The following is a brief summary of the taught Modules on MSc in Radiation Biology course. Each module includes between 6 and 12 theoretical lectures.

  1. ‘Physics & Chemistry of Radiation Action’ explores the science behind ionising radiation and other concepts related to medical imaging, radiation oncology, and radiation protection. (Module lead: Mark Hill)
  2. ‘Molecular Radiation Biology’ discusses the different types of DNA lesions produced by ionising radiation, how they are recognised, molecular repair systems, and consequences of errors in the repair process. (Module lead: Tim Humphrey)
  3. ‘Cellular Radiation Biology’ focuses on the response of cells to irradiation, and factors that can modify this response. (Module lead: Mark Hill and Monica Olcina)
  4. ‘Normal Tissue & Applied Radiation Biology’ discusses the pathogenesis of normal tissue reactions to radiation, and strategies for protection and mitigation. (Module lead: Ketan Shah)
  5. ‘Whole Body Exposure & Carcinogenesis’ considers the biological principles underpinning the response of the human body to ionising radiation exposures. (Module lead: Liz Ainsbury, Public Health England)
  6. ‘Radiation Epidemiology’ discusses the use of epidemiological studies to determine the consequences of exposure to radiation. (Module lead: Zhe Wang)
  7. ‘Imaging Technologies’ examines the different imaging methods and their underlying physical and biological principles. (Module lead: Mahon Maguire)
  8. ‘Tumour Microenvironment’ explores the microenvironment of the tumour and how this can influence the response to radiation. (Module lead: Geoff Higgins)
  9. ‘Applications of Radiation Therapy’ considers the latest techniques in radiotherapy, and offers a more in depth look at the physics of novel radiotherapy techniques. (Module Lead: Kristoffer Petersson)
  10. ‘Translational Radiation Biology’ looks at new biologically-based techniques being translated from the laboratory to clinical use. (Module lead: Eileen Parkes)
  11. ‘Clinical Radiation Biology’ discusses the principles of radiation oncology, exploring clinical developments from trials, with particular emphasis on selected tumours. (Module lead: Tim Maughan)
  12. ‘Radiation Protection’ examines how the international system of protection from stochastic and deterministic tissue effects is translated and applied in UK legislation. (Module lead: Daniel McGowan)

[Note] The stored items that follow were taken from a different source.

lemma pr1_bpmap[simp]:
  "f \<in> hom C A B \<Longrightarrow> g \<in> hom C A' B' \<Longrightarrow>
   cmp C (bp C A A') (bp C B B') B (pr1 C B B') (bpmap C A B A' B' f g) = cmp C (bp C A A') A B f (pr1 C A A')"
  unfolding bpmap_def by simp
lemma pr2_bpmap[simp]:
  "f \<in> hom C A B \<Longrightarrow> g \<in> hom C A' B' \<Longrightarrow>
   cmp C (bp C A A') (bp C B B') B' (pr2 C B B') (bpmap C A B A' B' f g) = cmp C (bp C A A') A' B' g (pr2 C A A')"
  unfolding bpmap_def by simp
lemma bpmap_in2[simp]:
  "f \<in> hom C A B \<Longrightarrow> g \<in> hom C A' B' \<Longrightarrow>
   cmp C A' (bp C A A') (bp C B B') (bpmap C A B A' B' f g) (in2 C A A') = cmp C A' B' (bp C B B') (in2 C B B') g"
  unfolding bpmap_def by simp
lemma pr1_colpair[simp]:
  "x \<in> hom C X A \<Longrightarrow> y \<in> hom C X B \<Longrightarrow> cmp C X (bp C A B) A (pr1 C A B) (colpair C X A B x y) = x"
  unfolding colpair_def by simp
lemma pr2_colpair[simp]:
  "x \<in> hom C X A \<Longrightarrow> y \<in> hom C X B \<Longrightarrow> cmp C X (bp C A B) B (pr2 C A B) (colpair C X A B x y) = y"
  unfolding colpair_def by simp
lemma degree_xmul_pow:
  assumes "G \<noteq> 0"
  shows "degree ((xmul ^^ i) G) = degree G + i \<and> lead_coeff ((xmul ^^ i) G) = (\<sigma> ^^ i) (lead_coeff G)"
proof (induction i)
  case (Suc i)
  define K where "K = (xmul ^^ i) G"
  have K: "degree K = degree G + i" "lead_coeff K = (\<sigma> ^^ i) (lead_coeff G)"
    using Suc[folded K_def] by blast+
  have top: "coeff (xmul K) (Suc (degree K)) = \<sigma> (lead_coeff K)"
    by (simp add: coeff_xmul coeff_eq_0)
  have "degree (xmul K) \<le> Suc (degree K)"
    by (rule degree_le) (auto simp: coeff_xmul coeff_eq_0 split: nat.splits)
  moreover have "\<sigma> (lead_coeff K) \<noteq> 0"
    using K(2) assms sigma_funpow_eq_0_iff[of "Suc i"] by simp
  ultimately have "degree (xmul K) = Suc (degree K)"
    using top le_degree[of "xmul K" "Suc (degree K)"] by simp
  then show ?case
    using top K by (simp add: K_def)
qed simp

lemma coeff_skew_mult_high:
  assumes "G \<noteq> 0" "degree F + degree G \<le> n"
  shows "coeff (F \<star> G) n = lead_coeff F * coeff ((xmul ^^ degree F) G) n"
proof -
  have "coeff (F \<star> G) n = (\<Sum>i\<le>degree F. coeff F i * coeff ((xmul ^^ i) G) n)"
    by (simp add: skew_mult_altdef coeff_sum)
  also have "\<dots> = (\<Sum>i\<in>{degree F}. coeff F i * coeff ((xmul ^^ i) G) n)"
  proof (rule sum.mono_neutral_right)
    show "\<forall>i\<in>{..degree F} - {degree F}. coeff F i * coeff ((xmul ^^ i) G) n = 0"
      using assms degree_xmul_pow[OF assms(1)] by (auto simp: coeff_eq_0)
  qed auto
  finally show ?thesis by simp
qed
(* Let $p\in W^{1,\infty}(\mathbb{R}^+\times\mathbb{R}^+)$ with $p\ge0$, $\gamma:=\operatorname{ess\,sup}\partial_Np$, and let $(n^0_j)_{j\ge1}$ be nonnegative with $\|n^0\|_1<\infty$, $\|n^0\|_\infty<\infty$, $\gamma\|n^0\|_1<1$ and $TV(n^0)<\infty$. Consider the ITM upwind scheme under the CFL condition (with $N^m$ the unique solution of its fixed-point equation). Then there exist constants $C_1,C_2>0$ depending only on $p$, $\|n^0\|_1$ and $\|n^0\|_\infty$ (and not on $\Delta t,\Delta s,m$) such that for every $m\in\mathbb{N}$, with $T=m\Delta t$, $$TV(n^m)\le e^{C_1T}\,TV(n^0)+C_2\left(e^{C_1T}-1\right).$$
   Context: ITM upwind scheme: fix $\Delta s,\Delta t>0$; set $s_j=(j-\tfrac12)\Delta s$ for $j\in\{1,2,\dots\}$ and $t^m=m\Delta t$. For a sequence $u=(u_j)_{j\ge1}$, $\|u\|_1=\sum_{j\ge1}\Delta s|u_j|$, $\|u\|_\infty=\sup_j|u_j|$. Given nonnegative initial values $(n^0_j)_{j\ge1}$, for $m=0,1,2,\dots$: $N^m\ge0$ is a solution of $N^m=\sum_{j\ge1}\Delta s\,p(s_j,N^m)\,n^m_j$, one sets $n^m_0:=N^m$, and $n^{m+1}_j=n^m_j-\frac{\Delta t}{\Delta s}(n^m_j-n^m_{j-1})-\Delta t\,p(s_j,N^m)\,n^m_j$ for $j\ge1$. CFL condition: $\Delta t\le(\frac{1}{\Delta s}+\|p\|_\infty)^{-1}$. Under $\gamma\|n^0\|_1<1$ the fixed-point equation for $N^m$ has a unique nonnegative solution for every $m$. Discrete total variation (including the boundary value): $TV(n^m)=\sum_{j\ge0}|n^m_{j+1}-n^m_j|$ with $n^m_0=N^m$. $\gamma$ is the essential supremum of $\partial_N p$. *)

theory Defs
  imports "HOL-Analysis.Analysis" "HOL-Probability.Probability"
begin

definition quadrant :: "(real \<times> real) set" where
  "quadrant = {0..} \<times> {0..}"

text \<open>Partial derivative of p in N (where it exists; 0 on the null set where it does not).\<close>
definition partialN :: "(real \<Rightarrow> real \<Rightarrow> real) \<Rightarrow> real \<times> real \<Rightarrow> real" where
  "partialN p x = (if (\<lambda>y. p (fst x) y) differentiable (at (snd x))
                   then deriv (\<lambda>y. p (fst x) y) (snd x) else 0)"
lemma grad_Qpen:
  fixes f :: "'a::euclidean_space \<Rightarrow> real" and c :: "'a \<Rightarrow> 'b::euclidean_space"
  assumes "f differentiable (at x)" and "c differentiable (at x)"
  shows "grad (Qpen f c rho) x = grad f x + rho *\<^sub>R jacT c x (c x)"
proof -
  define Df where "Df = frechet_derivative f (at x)"
  define Dc where "Dc = frechet_derivative c (at x)"
  have df: "(f has_derivative Df) (at x)" and dc: "(c has_derivative Dc) (at x)"
    using assms frechet_derivative_works unfolding Df_def Dc_def by blast+
  define DQ where "DQ v = Df v + rho / 2 * (inner (c x) (Dc v) + inner (Dc v) (c x))" for v
  have "Qpen f c rho = (\<lambda>y. f y + rho / 2 * inner (c y) (c y))"
    unfolding Qpen_def by (simp add: power2_norm_eq_inner)
  then have dQ: "(Qpen f c rho has_derivative DQ) (at x)"
    unfolding DQ_def by (auto intro!: derivative_eq_intros df dc)
  have "v \<bullet> grad (Qpen f c rho) x = v \<bullet> (grad f x + rho *\<^sub>R jacT c x (c x))" for v
  proof -
    have "v \<bullet> grad (Qpen f c rho) x = DQ v"
      using dQ frechet_derivative_at[OF dQ] adjoint_works[OF has_derivative_linear[OF dQ]]
      by (simp add: grad_def jacT_def)
    also have "\<dots> = Df v + rho * inner (Dc v) (c x)"
      by (simp add: DQ_def inner_commute)
    also have "\<dots> = v \<bullet> (grad f x + rho *\<^sub>R jacT c x (c x))"
      unfolding grad_def jacT_def Df_def[symmetric] Dc_def[symmetric] inner_add_right inner_scaleR_right
        adjoint_works[OF has_derivative_linear[OF df]] adjoint_works[OF has_derivative_linear[OF dc]]
      by simp
    finally show ?thesis .
  qed
  then show ?thesis using vector_eq_ldot by blast
qed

Independent study: It is vital that students cultivate habits of self-directed learning in order to thrive in an academic environment. We strongly recommend spending at least 15 to 20 study hours per week (outside classroom time) focusing on directed reading, preparation for lectures and tutorials, completion of formative essays and small group projects, completing course work, preparing for exams and independent research to further develop knowledge and expertise.


 

This course is reviewed annually and subject to minor changes in response to feedback and evaluation.